En sık karşılaştığımız çocuk hakları ihlallerinin başında çocuk işçiliği gelmektedir. Okuması ve hayatını sürdürmesi gereken çocuklar zorla çalıştırılmaktadırlar. Bir diğer ihlal ise son zamanlarda yüreğimizi yangına çeviren, insanlığın en büyük yarası olan “her türlü” çocuk istismarıdır. Anne baba ve eğitimciler olarak bu konuda önemli görevlerimiz bulunmaktadır. Çocuklarımızı hakları konusunda bilgilendirmek, kendi vücutları hakkında karar verme özgürlüğü olduğunu öğretmek, yardım isteyebilecekleri kişiler ya da kurumlar hakkında bilgilendirmek, duygularını tanıma ve kendini ifade etme becerileri kazandırmak, iyi sır ve kötü sır nedir ve nasıl ayırt edilebilir öğretmek, sınır koymak ve hayır deme becerisi kazandırabilmek, hoş ve hoş olmayan dokunuşlar arasındaki farkı öğretmek ve her ne olursa olsun yardım isteme hakkını öğretmeliyiz.
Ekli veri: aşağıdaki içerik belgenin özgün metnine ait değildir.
(* Let $X_1\in\mathbb{R}^{n_1\times d}$ and $X_2\in\mathbb{R}^{n_2\times d}$ be two data matrices with $\|X_1\|,\|X_2\|\le 1$ and $\operatorname{rank}(X_m)<d$, and consider the two tasks fitted in the identity ordering ($\tau(1)=1$, $\tau(2)=2$). The following are equivalent: (1) For every choice of labels $y_1,y_2$ such that $S=\{(X_1,y_1),(X_2,y_2)\}\in\mathcal{S}_2$ (equivalently, for every minimum-norm solution $w^\star$), $F_{\tau,S}(2)=0$. (2) $X_1P_2P_1=0_{n_1\times d}$. (3) Every principal angle between $\mathrm{range}(X_1^\top)$ and $\mathrm{range}(X_2^\top)$ is either $0$ or $\pi/2$.
   Context: Let $d\ge 1$, $T\ge1$. A task is a pair $(X_m,y_m)$ with $X_m\in\mathbb{R}^{n_m\times d}$, $y_m\in\mathbb{R}^{n_m}$ and $\operatorname{rank}(X_m)<d$. $\mathcal{S}_T$ denotes the set of collections $S=\{(X_m,y_m)\}_{m=1}^T$ of $T$ tasks such that $\|X_m\|\le 1$ (spectral norm) for all $m$ and there exists $w\in\mathbb{R}^d$ with $\|w\|\le 1$ and $y_m=X_mw$ for all $m$. A task ordering is a map $\tau:\mathbb{N}^+\to\{1,\dots,T\}$. Given $S$ and $\tau$, the iterates are $w_0=0$ and $w_t=w_{t-1}+X_{\tau(t)}^+(y_{\tau(t)}-X_{\tau(t)}w_{t-1})$ for $t\ge1$, where $A^+$ is the Moore–Penrose pseudoinverse (equivalently, $w_t$ is the Euclidean projection of $w_{t-1}$ onto $\{w: X_{\tau(t)}w=y_{\tau(t)}\}$). The forgetting at iteration $k$ is $F_{\tau,S}(k)=\frac1k\sum_{t=1}^k\|X_{\tau(t)}w_k-y_{\tau(t)}\|^2$. $w^\star$ denotes the minimum Euclidean-norm vector with $X_mw^\star=y_m$ for all $m$. $P_m=I-X_m^+X_m$ is the orthogonal projection onto $\ker X_m$. Principal angles: for data matrices $X_1,X_2$ let $r=\min(\operatorname{rank}X_1,\operatorname{rank}X_2)$. The principal angles $0\le\theta_1\le\dots\le\theta_r\le\pi/2$ between $\mathrm{range}(X_1^\top)$ and $\mathrm{range}(X_2^\top)$ are defined recursively by $\cos\theta_i=|u_i^\top v_i|$, where $(u_i,v_i)$ maximizes $|u^\top v|$ over unit vectors $u\in\mathrm{range}(X_1^\top)$, $v\in\mathrm{range}(X_2^\top)$ with $u\perp u_j$, $v\perp v_j$ for all $j<i$. *)

theory Defs
  imports "HOL-Analysis.Analysis"
begin

definition pinv :: "real^'d^'n \<Rightarrow> real^'n^'d" where
  "pinv A = (THE B. A ** B ** A = A \<and> B ** A ** B = B \<and>
                    transpose (A ** B) = A ** B \<and> transpose (B ** A) = B ** A)"

definition kerproj :: "real^'d^'n \<Rightarrow> real^'d^'d" where
  "kerproj X = mat 1 - pinv X ** X"

definition specnorm :: "real^'d^'n \<Rightarrow> real" where
  "specnorm X = onorm (\<lambda>x. X *v x)"

definition cl_step :: "real^'d^'n \<Rightarrow> real^'n \<Rightarrow> real^'d \<Rightarrow> real^'d" where
  "cl_step X y w = w + pinv X *v (y - X *v w)"

text \<open>Iterates w_0 = 0, w_1, w_2 for two tasks in the identity ordering tau(1)=1, tau(2)=2.\<close>
definition iter2 :: "real^'d^'n1 \<Rightarrow> real^'n1 \<Rightarrow> real^'d^'n2 \<Rightarrow> real^'n2 \<Rightarrow> real^'d" where
  "iter2 X1 y1 X2 y2 = cl_step X2 y2 (cl_step X1 y1 0)"

definition forgetting2 :: "real^'d^'n1 \<Rightarrow> real^'n1 \<Rightarrow> real^'d^'n2 \<Rightarrow> real^'n2 \<Rightarrow> real" where
  "forgetting2 X1 y1 X2 y2 =
     (let w = iter2 X1 y1 X2 y2 in
      (1 / 2) * ((norm (X1 *v w - y1))\<^sup>2 + (norm (X2 *v w - y2))\<^sup>2))"

definition in_S2 :: "real^'d^'n1 \<Rightarrow> real^'n1 \<Rightarrow> real^'d^'n2 \<Rightarrow> real^'n2 \<Rightarrow> bool" where
  "in_S2 X1 y1 X2 y2 \<longleftrightarrow>
     specnorm X1 \<le> 1 \<and> specnorm X2 \<le> 1 \<and>
     (\<exists>w. norm w \<le> 1 \<and> y1 = X1 *v w \<and> y2 = X2 *v w)"

definition rowspace :: "real^'d^'n \<Rightarrow> (real^'d) set" where
  "rowspace X = range (\<lambda>z. transpose X *v z)"

definition principal_vectors ::
  "(real^'d) set \<Rightarrow> (real^'d) set \<Rightarrow> nat \<Rightarrow> (nat \<Rightarrow> real^'d) \<Rightarrow> (nat \<Rightarrow> real^'d) \<Rightarrow> bool" where
  "principal_vectors U V r u v \<longleftrightarrow>
     (\<forall>i<r. u i \<in> U \<and> v i \<in> V \<and> norm (u i) = 1 \<and> norm (v i) = 1 \<and>
        (\<forall>j<i. u i \<bullet> u j = 0 \<and> v i \<bullet> v j = 0) \<and>
        (\<forall>x y. x \<in> U \<and> y \<in> V \<and> norm x = 1 \<and> norm y = 1 \<and>
               (\<forall>j<i. x \<bullet> u j = 0 \<and> y \<bullet> v j = 0) \<longrightarrow> \<bar>x \<bullet> y\<bar> \<le> \<bar>u i \<bullet> v i\<bar>))"

definition principal_angles :: "real^'d^'n1 \<Rightarrow> real^'d^'n2 \<Rightarrow> real list" where
  "principal_angles X1 X2 =
     (let r = min (rank X1) (rank X2);
          uv = (SOME uv. principal_vectors (rowspace X1) (rowspace X2) r (fst uv) (snd uv))
      in map (\<lambda>i. arccos \<bar>fst uv i \<bullet> snd uv i\<bar>) [0..<r])"

end

theory Submission imports Defs begin

text \<open>With consistent labels \<open>y\<^sub>m = X\<^sub>m w\<close> the two projection steps give
  \<open>w\<^sub>2 = w - P\<^sub>2 P\<^sub>1 w\<close>, so the forgetting is \<open>\<parallel>X\<^sub>1 P\<^sub>2 P\<^sub>1 w\<parallel>\<^sup>2 / 2\<close>; it vanishes for all
  admissible \<open>w\<close> iff \<open>X\<^sub>1 P\<^sub>2 P\<^sub>1 = 0\<close>. Writing \<open>P\<^sub>m = I - Q\<^sub>m\<close> with \<open>Q\<^sub>m\<close> the orthogonal
  projection onto the row space \<open>U\<^sub>m\<close> of \<open>X\<^sub>m\<close>, and using \<open>ker X\<^sub>1 = U\<^sub>1\<^sup>\<bottom>\<close>, this says
  exactly that \<open>Q\<^sub>2\<close> maps \<open>U\<^sub>1\<close> into itself.

  If \<open>Q\<^sub>2 U\<^sub>1 \<subseteq> U\<^sub>1\<close>, then for the \<open>i\<close>-th pair of principal vectors \<open>(u\<^sub>i, v\<^sub>i)\<close> the vector
  \<open>Q\<^sub>2 u\<^sub>i\<close> lies in \<open>U\<^sub>1 \<inter> U\<^sub>2\<close> and is orthogonal to the earlier principal vectors, so by
  maximality \<open>cos \<theta>\<^sub>i\<close> is \<open>1\<close> unless it is \<open>0\<close>. Conversely, if the cosines are \<open>1\<close> up to some
  index \<open>k\<close> and \<open>0\<close> afterwards, then \<open>u\<^sub>0, \<dots>, u\<^sub>k\<^sub>-\<^sub>1\<close> span a subspace \<open>W \<subseteq> U\<^sub>1 \<inter> U\<^sub>2\<close> and the
  parts of \<open>U\<^sub>1\<close> and \<open>U\<^sub>2\<close> orthogonal to \<open>W\<close> are orthogonal to each other, so \<open>Q\<^sub>2\<close> acts on
  \<open>U\<^sub>1\<close> as the projection onto \<open>W\<close>.\<close>

section \<open>Orthogonal projections\<close>

definition is_orth_proj :: "(real^'n) set \<Rightarrow> real^'n^'n \<Rightarrow> bool" where
  "is_orth_proj S P \<longleftrightarrow> (\<forall>x. P *v x \<in> S) \<and> (\<forall>x y. y \<in> S \<longrightarrow> (x - P *v x) \<bullet> y = 0)"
Mandolin Yayınları’ndan çocuklar için
Küçük yaştan itibaren bu kazanımları verebilmek için kitaplardan yardım almak biz anne ve babalar için paha biçilemez. İnkılap Kitabevi’nin tescilli markası Mandolin Yayınları tarafından yayımlanan, Avukat Feyza Altun’un yazdığı ve Ege Karadayı’nın resimlediği “İnsan Hakları ve Demokrasi Serisi” ile çocuklar kanunları, anayasal haklarını ve nasıl uygulayacaklarını öğreniyorlar.
KAYIP LEVHA kitabında; Özgür ve arkadaşları bisiklet sürüp eğlenirken sokak kenarında oturan bazı kişiler tarafından bisiklete binmemeleri konusunda uyarılırlar. Etrafta böyle bir uyarı levhası olup olmadığını kontrol eden Özgür ve arkadaşları bu uyarıya bir anlam veremezler. Özgür bisikletinden inip bu kişilere neden bisiklet sürmelerini istemediklerini sorar ama beklemediği bir tepki ile karşılaşır. Birleşmiş Milletler Çocuk Hakları Sözleşmesi’ne göre haklarını bilen Özgür bu tepkiye itiraz eder ve haklı çıkar.
GÜRÜLTÜ YAPMADAN EĞLENEBİLMEK kitabında; Özgür çok mutludur, evde şarkılar söylüyor, eğleniyor ve dans ediyordur. Kitap okuyan annesi seslere dayanamayıp onu uyardıktan sonra babası da gürültü yapmanın kanunen yasak olduğunu söyler. Kanunların ne demek olduğunu bilmediğini söyleyen Özgür’e annesi “Yerlere çöp atmamak, hayvanlara zarar vermemek, kimsenin eşyasını izinsiz almamak, gürültü yapmamak” gibi temel bazı kurallar olduğundan bahseder. Özgür bu sayede gürültü yapmanın kabahatler kanununa aykırı olduğunu, hukukun herkesten üstün olduğunu ve kanunlara uymanın önemini öğrenir.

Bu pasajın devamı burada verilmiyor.